Data listing

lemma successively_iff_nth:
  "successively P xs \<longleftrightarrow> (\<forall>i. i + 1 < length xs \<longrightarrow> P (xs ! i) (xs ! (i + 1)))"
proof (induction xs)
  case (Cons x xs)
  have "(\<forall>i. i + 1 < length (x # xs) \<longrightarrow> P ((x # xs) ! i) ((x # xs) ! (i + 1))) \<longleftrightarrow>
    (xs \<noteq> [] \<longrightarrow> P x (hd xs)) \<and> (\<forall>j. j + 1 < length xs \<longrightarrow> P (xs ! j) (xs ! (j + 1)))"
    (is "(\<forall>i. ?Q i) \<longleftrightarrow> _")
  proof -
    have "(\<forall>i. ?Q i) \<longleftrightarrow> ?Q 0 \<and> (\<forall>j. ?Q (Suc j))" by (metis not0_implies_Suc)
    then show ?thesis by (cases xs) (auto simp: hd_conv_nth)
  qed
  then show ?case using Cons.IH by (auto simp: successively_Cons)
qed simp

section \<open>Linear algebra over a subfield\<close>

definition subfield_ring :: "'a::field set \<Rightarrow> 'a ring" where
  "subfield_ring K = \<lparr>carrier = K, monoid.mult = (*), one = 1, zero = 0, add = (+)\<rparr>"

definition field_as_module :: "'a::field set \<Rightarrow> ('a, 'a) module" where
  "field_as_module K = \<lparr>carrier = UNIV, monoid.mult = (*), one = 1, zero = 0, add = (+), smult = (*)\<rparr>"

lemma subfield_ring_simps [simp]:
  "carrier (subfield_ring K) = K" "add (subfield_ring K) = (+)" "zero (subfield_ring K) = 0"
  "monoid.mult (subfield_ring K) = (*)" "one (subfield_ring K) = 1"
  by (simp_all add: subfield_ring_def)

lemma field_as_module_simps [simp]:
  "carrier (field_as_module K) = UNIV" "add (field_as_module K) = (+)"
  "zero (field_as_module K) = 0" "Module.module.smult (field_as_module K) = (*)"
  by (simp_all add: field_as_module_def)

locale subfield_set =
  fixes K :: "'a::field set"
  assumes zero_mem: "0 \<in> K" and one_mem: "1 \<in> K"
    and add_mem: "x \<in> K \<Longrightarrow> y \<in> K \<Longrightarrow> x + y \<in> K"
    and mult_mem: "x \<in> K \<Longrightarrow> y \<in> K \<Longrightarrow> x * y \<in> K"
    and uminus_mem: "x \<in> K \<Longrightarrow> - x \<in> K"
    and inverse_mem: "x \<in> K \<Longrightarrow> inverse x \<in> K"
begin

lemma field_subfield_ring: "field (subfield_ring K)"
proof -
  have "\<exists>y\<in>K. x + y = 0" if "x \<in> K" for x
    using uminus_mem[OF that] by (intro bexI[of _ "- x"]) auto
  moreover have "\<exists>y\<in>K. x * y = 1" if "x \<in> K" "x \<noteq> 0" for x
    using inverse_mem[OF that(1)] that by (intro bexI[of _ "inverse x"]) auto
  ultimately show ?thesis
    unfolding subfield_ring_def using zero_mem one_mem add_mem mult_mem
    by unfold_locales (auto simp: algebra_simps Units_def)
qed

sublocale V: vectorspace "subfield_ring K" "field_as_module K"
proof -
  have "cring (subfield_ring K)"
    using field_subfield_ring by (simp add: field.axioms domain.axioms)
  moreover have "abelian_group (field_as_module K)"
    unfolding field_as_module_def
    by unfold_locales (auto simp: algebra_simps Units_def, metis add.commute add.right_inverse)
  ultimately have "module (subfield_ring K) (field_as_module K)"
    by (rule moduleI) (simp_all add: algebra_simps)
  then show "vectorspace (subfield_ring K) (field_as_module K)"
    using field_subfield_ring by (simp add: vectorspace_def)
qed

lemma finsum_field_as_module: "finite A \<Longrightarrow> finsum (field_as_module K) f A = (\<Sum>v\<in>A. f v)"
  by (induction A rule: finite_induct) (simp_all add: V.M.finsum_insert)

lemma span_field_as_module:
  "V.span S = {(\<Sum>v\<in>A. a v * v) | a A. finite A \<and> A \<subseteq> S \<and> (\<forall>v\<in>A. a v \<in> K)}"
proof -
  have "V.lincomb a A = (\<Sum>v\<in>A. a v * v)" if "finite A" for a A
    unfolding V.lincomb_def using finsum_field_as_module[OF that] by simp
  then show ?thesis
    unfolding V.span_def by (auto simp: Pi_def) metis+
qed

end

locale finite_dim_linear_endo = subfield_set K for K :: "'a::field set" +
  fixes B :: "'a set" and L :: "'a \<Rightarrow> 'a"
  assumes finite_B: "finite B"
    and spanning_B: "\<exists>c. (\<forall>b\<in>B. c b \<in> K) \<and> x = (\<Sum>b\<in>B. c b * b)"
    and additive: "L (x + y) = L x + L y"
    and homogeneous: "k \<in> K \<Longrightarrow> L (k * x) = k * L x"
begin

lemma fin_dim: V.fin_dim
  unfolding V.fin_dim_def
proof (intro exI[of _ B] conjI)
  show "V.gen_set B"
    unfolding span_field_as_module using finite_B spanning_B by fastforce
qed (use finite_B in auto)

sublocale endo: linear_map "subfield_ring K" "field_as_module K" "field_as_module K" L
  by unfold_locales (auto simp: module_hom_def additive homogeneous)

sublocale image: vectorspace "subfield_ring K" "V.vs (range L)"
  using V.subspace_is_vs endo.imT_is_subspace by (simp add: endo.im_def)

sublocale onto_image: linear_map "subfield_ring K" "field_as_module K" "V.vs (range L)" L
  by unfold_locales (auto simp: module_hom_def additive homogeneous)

...

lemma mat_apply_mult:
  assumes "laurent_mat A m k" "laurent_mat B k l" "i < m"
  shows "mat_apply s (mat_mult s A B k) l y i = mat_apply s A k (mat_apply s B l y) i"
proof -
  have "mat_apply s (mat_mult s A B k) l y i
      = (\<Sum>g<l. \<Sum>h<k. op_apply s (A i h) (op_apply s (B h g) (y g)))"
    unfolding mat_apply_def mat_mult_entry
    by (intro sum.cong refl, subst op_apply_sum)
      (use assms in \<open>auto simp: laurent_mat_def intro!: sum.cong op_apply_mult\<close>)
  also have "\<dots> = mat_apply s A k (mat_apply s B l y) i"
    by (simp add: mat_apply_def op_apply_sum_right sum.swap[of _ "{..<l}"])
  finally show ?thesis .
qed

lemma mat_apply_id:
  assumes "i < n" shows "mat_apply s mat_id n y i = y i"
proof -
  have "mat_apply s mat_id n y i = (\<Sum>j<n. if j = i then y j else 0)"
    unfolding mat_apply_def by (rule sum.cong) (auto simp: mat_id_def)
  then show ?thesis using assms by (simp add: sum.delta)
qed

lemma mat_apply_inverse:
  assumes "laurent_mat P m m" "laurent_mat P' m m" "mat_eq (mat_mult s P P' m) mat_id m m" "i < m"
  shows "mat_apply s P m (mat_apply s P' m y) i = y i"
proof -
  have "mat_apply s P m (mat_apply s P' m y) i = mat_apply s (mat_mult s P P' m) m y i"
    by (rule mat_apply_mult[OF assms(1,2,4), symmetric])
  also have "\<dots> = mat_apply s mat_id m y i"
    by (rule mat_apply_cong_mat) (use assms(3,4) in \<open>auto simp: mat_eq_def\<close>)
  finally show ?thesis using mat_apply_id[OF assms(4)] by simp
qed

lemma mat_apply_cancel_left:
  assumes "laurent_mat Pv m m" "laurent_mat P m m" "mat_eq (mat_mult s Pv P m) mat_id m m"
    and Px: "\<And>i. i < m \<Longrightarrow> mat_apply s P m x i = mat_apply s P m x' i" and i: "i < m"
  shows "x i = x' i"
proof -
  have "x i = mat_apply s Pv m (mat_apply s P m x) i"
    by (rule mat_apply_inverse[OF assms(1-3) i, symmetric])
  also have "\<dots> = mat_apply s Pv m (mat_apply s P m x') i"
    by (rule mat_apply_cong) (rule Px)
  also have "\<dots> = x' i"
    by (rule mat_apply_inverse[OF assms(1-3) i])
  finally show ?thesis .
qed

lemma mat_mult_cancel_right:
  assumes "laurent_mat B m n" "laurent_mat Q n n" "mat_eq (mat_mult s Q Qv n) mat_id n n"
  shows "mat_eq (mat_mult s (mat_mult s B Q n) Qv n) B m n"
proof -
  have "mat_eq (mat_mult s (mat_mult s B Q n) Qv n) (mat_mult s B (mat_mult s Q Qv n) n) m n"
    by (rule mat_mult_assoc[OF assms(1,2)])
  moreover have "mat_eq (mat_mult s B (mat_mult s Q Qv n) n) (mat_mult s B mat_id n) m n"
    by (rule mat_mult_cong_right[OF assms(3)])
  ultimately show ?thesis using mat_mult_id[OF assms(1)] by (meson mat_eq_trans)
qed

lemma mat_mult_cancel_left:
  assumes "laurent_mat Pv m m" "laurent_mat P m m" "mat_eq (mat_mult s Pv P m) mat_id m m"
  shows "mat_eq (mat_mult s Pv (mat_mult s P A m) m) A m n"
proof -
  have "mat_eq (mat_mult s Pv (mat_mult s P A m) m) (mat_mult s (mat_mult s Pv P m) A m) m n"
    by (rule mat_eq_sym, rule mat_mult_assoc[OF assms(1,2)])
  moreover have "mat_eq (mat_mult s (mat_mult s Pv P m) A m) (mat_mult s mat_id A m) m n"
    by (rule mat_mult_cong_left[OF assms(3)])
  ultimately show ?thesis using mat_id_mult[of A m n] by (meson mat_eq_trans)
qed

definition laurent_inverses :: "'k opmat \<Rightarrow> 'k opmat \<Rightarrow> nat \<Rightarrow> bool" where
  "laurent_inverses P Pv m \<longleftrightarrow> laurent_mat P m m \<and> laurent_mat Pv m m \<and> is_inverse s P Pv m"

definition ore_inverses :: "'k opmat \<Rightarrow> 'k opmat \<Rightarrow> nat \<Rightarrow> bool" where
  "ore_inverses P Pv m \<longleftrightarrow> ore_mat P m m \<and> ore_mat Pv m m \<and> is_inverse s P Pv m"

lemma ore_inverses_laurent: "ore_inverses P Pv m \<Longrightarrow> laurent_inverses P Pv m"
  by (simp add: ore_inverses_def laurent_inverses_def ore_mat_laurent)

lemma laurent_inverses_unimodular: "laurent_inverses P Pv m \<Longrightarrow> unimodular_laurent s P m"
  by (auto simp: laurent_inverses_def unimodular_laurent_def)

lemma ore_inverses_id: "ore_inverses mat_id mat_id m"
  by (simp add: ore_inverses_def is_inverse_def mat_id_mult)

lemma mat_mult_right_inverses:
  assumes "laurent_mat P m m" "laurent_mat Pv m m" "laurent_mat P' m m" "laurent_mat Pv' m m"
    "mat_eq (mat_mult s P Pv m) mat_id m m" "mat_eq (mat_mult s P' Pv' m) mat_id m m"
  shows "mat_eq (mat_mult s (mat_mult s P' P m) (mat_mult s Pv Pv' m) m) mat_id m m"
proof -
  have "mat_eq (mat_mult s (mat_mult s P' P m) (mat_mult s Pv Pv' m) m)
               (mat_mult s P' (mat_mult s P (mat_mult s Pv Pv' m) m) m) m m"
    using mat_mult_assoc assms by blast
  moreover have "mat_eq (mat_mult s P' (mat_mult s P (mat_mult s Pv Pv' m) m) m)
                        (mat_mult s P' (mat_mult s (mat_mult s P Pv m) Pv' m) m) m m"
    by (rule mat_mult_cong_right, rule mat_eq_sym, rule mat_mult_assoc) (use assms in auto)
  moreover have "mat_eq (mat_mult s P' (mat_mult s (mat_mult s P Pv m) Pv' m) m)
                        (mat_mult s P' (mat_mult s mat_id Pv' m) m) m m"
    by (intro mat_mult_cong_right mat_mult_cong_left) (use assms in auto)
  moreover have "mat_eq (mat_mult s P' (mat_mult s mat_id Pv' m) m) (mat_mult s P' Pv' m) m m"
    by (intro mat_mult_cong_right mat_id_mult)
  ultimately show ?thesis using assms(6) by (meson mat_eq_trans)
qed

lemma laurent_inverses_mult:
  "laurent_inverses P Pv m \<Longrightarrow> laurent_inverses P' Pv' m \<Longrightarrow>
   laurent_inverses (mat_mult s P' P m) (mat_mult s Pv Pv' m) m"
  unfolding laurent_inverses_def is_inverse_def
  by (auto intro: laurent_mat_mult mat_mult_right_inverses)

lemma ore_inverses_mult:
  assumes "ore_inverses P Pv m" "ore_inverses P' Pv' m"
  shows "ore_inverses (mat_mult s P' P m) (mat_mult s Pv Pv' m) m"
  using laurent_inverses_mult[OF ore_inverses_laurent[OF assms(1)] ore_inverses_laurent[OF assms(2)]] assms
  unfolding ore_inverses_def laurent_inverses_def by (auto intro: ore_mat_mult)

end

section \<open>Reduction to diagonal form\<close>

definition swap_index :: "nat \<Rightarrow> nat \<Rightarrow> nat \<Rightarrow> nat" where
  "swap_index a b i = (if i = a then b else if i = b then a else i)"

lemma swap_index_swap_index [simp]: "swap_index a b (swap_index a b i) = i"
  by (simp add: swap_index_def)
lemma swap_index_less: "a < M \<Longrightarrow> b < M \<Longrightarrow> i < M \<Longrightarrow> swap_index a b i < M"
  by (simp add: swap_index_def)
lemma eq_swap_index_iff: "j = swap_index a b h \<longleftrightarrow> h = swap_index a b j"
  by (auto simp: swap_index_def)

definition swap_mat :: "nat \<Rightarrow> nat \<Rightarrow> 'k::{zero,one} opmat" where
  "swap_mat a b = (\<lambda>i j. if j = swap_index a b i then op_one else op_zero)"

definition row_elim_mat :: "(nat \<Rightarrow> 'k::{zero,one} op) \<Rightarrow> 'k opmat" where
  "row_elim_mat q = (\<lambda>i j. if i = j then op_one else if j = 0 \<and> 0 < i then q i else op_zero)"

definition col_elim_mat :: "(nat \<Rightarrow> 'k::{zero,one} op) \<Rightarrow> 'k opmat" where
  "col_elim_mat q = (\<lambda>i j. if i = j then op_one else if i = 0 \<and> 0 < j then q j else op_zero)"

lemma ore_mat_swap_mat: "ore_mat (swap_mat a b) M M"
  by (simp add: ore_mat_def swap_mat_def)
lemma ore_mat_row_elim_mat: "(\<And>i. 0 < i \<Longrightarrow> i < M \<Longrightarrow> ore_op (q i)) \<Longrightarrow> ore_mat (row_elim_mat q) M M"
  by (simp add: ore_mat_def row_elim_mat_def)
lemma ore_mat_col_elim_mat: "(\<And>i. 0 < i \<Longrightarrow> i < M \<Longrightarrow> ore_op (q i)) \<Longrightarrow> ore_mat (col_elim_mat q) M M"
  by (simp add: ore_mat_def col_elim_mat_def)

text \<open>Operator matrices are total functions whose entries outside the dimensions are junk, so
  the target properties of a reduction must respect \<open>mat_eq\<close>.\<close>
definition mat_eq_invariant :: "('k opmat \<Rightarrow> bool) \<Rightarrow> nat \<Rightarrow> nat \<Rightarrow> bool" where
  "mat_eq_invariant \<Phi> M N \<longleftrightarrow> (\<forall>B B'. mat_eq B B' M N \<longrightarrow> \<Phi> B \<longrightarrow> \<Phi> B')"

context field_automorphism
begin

Work to complete
Of the entries above, repeat exactly the lines from the line with "(mat_apply s P m x')" through the line with "by (rule mat_eq_sym, rule", both of them included.

Solution to this problem
  also have "\<dots> = mat_apply s Pv m (mat_apply s P m x') i"
    by (rule mat_apply_cong) (rule Px)
  also have "\<dots> = x' i"
    by (rule mat_apply_inverse[OF assms(1-3) i])
  finally show ?thesis .
qed

lemma mat_mult_cancel_right:
  assumes "laurent_mat B m n" "laurent_mat Q n n" "mat_eq (mat_mult s Q Qv n) mat_id n n"
  shows "mat_eq (mat_mult s (mat_mult s B Q n) Qv n) B m n"
proof -
  have "mat_eq (mat_mult s (mat_mult s B Q n) Qv n) (mat_mult s B (mat_mult s Q Qv n) n) m n"
    by (rule mat_mult_assoc[OF assms(1,2)])
  moreover have "mat_eq (mat_mult s B (mat_mult s Q Qv n) n) (mat_mult s B mat_id n) m n"
    by (rule mat_mult_cong_right[OF assms(3)])
  ultimately show ?thesis using mat_mult_id[OF assms(1)] by (meson mat_eq_trans)
qed

lemma mat_mult_cancel_left:
  assumes "laurent_mat Pv m m" "laurent_mat P m m" "mat_eq (mat_mult s Pv P m) mat_id m m"
  shows "mat_eq (mat_mult s Pv (mat_mult s P A m) m) A m n"
proof -
  have "mat_eq (mat_mult s Pv (mat_mult s P A m) m) (mat_mult s (mat_mult s Pv P m) A m) m n"
    by (rule mat_eq_sym, rule mat_mult_assoc[OF assms(1,2)])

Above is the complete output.